Al día siguiente, los próxenos condujeron a los mensajeros del tirano cuesta arriba hasta la casa del escultor, pero el viento nocturno había ejecutado extrañas proezas. Los gritos de los esclavos se alzaban en una terrible escena de desolación, los patios humildes y las tapias lucían solitarios y estremecidos, y en el olivar ya no se levantaban las brillantes columnas de aquel amplio salón donde Musides soñara y trabajara. Sobre la suntuosa galería mayor se había desplomado la pesada rama que sobresalía del insólito árbol nuevo, reduciendo absolutamente a un montón de ruinas espantosas, aquel poema de mármol.
Extranjeros y tegeanos quedaron pasmados, contemplando la catástrofe causada por el grande y siniestro árbol cuyo talante resultaba tan inexplicablemente humano y cuyas raíces alcanzaban de manera tan peculiar el esculpido sepulcro de Calos. Y su miedo y su vértigo aumentaron al buscar entre el derribado aposento, ya que no pudo hallarse resto alguno del noble Musides ni de su imagen maravillosamente cincelada de Tycho. Entre aquellas espantosas ruinas no moraba sino el caos y los representantes de ambas ciudades se vieron desilusionados. Los siracusanos porque no tuvieron estatua para trasladar a casa y los tegeanos porque ya no tenían un artista al que conceder los laureles.
Sin embargo, los siracusanos lograron obtener una espléndida estatua para Atenas y los tegeanos se consolaron levantando en el ágora un templo de mármol para evocar los talentos, las virtudes y el amor fraternal de Musides.
Pero el olivar sigue allí, así como el árbol que nace en la tumba de Calos, y el anciano ovejero me contó que a veces en las noches ventosas las ramas murmuran entre sí, diciéndose una y otra vez, “¡yo sé! ¡yo sé! ¡yo sé!”

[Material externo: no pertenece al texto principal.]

text \<open>In characteristic two the polar form of \<open>Q(4,q)\<close> has a one-dimensional radical, the
  nucleus \<open>N\<close>. An elliptic ovoid through \<open>x \<in> X1\<close> tangent to \<open>X1\<close> lies in a solid of the pencil
  through the tangent plane of \<open>X1\<close> at \<open>x\<close>; every such solid is elliptic, being the image of the
  solid of \<open>X1\<close> under an isometric involution. The solid with parameter \<open>a\<close> is tangent to \<open>X2\<close>
  exactly when \<open>a t\<close> is a root of \<open>Q(N) z\<^sup>2 + z + Q(l)\<close>, where \<open>l\<close> is the pole of the plane of
  the conic \<open>X1 \<inter> X2\<close> and \<open>t\<close> vanishes iff \<open>x \<in> X2\<close>. Non-degeneracy of the conic gives
  \<open>Q(l) \<noteq> 0\<close>, so for \<open>x \<in> X1 \<inter> X2\<close> there is no solution. For \<open>x \<notin> X2\<close> the quadratic has a
  root, since otherwise an Arf invariant computation would produce a line in the elliptic
  quadric \<open>X2\<close>; in characteristic two it then has exactly two roots, giving two ovoids.\<close>

lemma vadd_eq_plus: "vadd u w = u + w"
  by (simp add: vadd_def vec_eq_iff)

lemma vsmult_eq_smult: "vsmult c v = c *s v"
  by (simp add: vsmult_def vec_eq_iff)

lemma polar_expand:
  "polar A x y = (\<Sum>i\<in>UNIV. \<Sum>j\<in>UNIV. A i j * (x$i * y$j + y$i * x$j))"
  unfolding polar_def qform_def vadd_def
  by (simp add: sum_subtractf[symmetric] algebra_simps)

lemma qform_add: "qform A (x + y) = qform A x + qform A y + polar A x y"
  by (simp add: polar_def vadd_eq_plus)

lemma qform_smult: "qform A (c *s x) = c^2 * qform A x"
  unfolding qform_def by (simp add: sum_distrib_left algebra_simps power2_eq_square)

lemma qform_zero [simp]: "qform A 0 = 0"
  unfolding qform_def by simp

lemma polar_add_left: "polar A (x + y) z = polar A x z + polar A y z"
  unfolding polar_expand by (simp add: sum.distrib[symmetric] algebra_simps)

lemma polar_add_right: "polar A z (x + y) = polar A z x + polar A z y"
  unfolding polar_expand by (simp add: sum.distrib[symmetric] algebra_simps)

lemma polar_smult_left: "polar A (c *s x) z = c * polar A x z"
  unfolding polar_expand by (simp add: sum_distrib_left algebra_simps)

lemma polar_smult_right: "polar A z (c *s x) = c * polar A z x"
  unfolding polar_expand by (simp add: sum_distrib_left algebra_simps)

lemma polar_commute: "polar A x y = polar A y x"
  unfolding polar_expand by (simp add: algebra_simps)

lemma polar_zero_right [simp]: "polar A y 0 = 0"
  unfolding polar_expand by simp

lemma qform_lincomb:
  "qform A (a *s x + b *s y) = a^2 * qform A x + b^2 * qform A y + a * b * polar A x y"
  by (simp add: qform_add qform_smult polar_smult_left polar_smult_right)

lemma lin_add: "lin h (x + y) = lin h x + lin h y"
  unfolding lin_def by (simp add: sum.distrib[symmetric] algebra_simps)

lemma lin_smult: "lin h (c *s x) = c * lin h x"
  unfolding lin_def by (simp add: sum_distrib_left algebra_simps)

lemma lin_add_coeffs: "lin (h + k) x = lin h x + lin k x"
  unfolding lin_def by (simp add: sum.distrib[symmetric] algebra_simps)

lemma lin_smult_coeffs: "lin (c *s h) x = c * lin h x"
  unfolding lin_def by (simp add: sum_distrib_left algebra_simps)

lemma lin_zero [simp]: "lin h 0 = 0" "lin 0 x = 0"
  unfolding lin_def by simp_all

The Tree: escrito en 1920 y publicado en 1921.
El grabado en la casa23
Los admiradores del horror suelen buscar los sitios lejanos y llenos de misterio como las catacumbas de Ptolomeo o los fastuosos mausoleos de cualquier parte. Se entregan a trepar las arruinadas torres de los castillos del Rin preferiblemente a la luz de la luna o a transitar inseguros entre las tenebrosas escaleras llenas de telarañas que aún existen entre los restos de algunas ciudades asiáticas. Sus templos son los bosques embrujados o las montañas escabrosas, y sus reliquias están dadas por los horribles monolitos que se alzan en islas deshabitadas. Sin embargo, para el verdadero amante del horror, aquel que puede llegar a sentir justificada toda su existencia ante un nuevo estremecimiento, son especialmente atractivas las viejas y solitarias granjas de Nueva Inglaterra, puesto que es allí donde se produce la combinación perfecta de elementos tales como la fantasía, la soledad, lo ignorado y la presencia de fuerzas oscuras, que unidas en conjunto, pueden alcanzar altos vértices de lo tenebroso.
Los paisajes más sugestivos, en este sentido, son necesariamente aquellos que se hallan a gran distancia de los caminos más recorridos, donde se levantan pequeñas viviendas sin pintar, casi siempre recubiertas de hiedra y ocultas bajo alguna tosca ladera o algún peñasco gigantesco. A veces, han estado allí por más de doscientos años percibiendo continuas generaciones de inmensos árboles o de serpenteantes enredaderas. En la actualidad ha vencido la vegetación, que casi las ha devorado envolviéndolas con su verdosa sombra, sin embargo, sobreviven algunas ventanas pequeñas, por lo general de guillotina, como si fueran ojos que abren y cierran agobiados por la dificultad de expresar todo lo que saben. En esas casas han vivido decenas de personas de las más diversas naturalezas y de los más variados orígenes. Fanatizados por sombrías creencias que los obligaron a separarse de sus semejantes, ellos y sus descendientes buscaron en esos páramos cierta libertad para dedicarse a sus extrañas actividades. Ciertamente, los hijos encontraron las facilidades que buscaban y se desarrollaron al margen de cualquiera de las tribulaciones que les habría impuesto la sociedad, pero en cambio debieron soportar un lamentable acatamiento impuesto por el siniestro culto que se había apoderado de su imaginación.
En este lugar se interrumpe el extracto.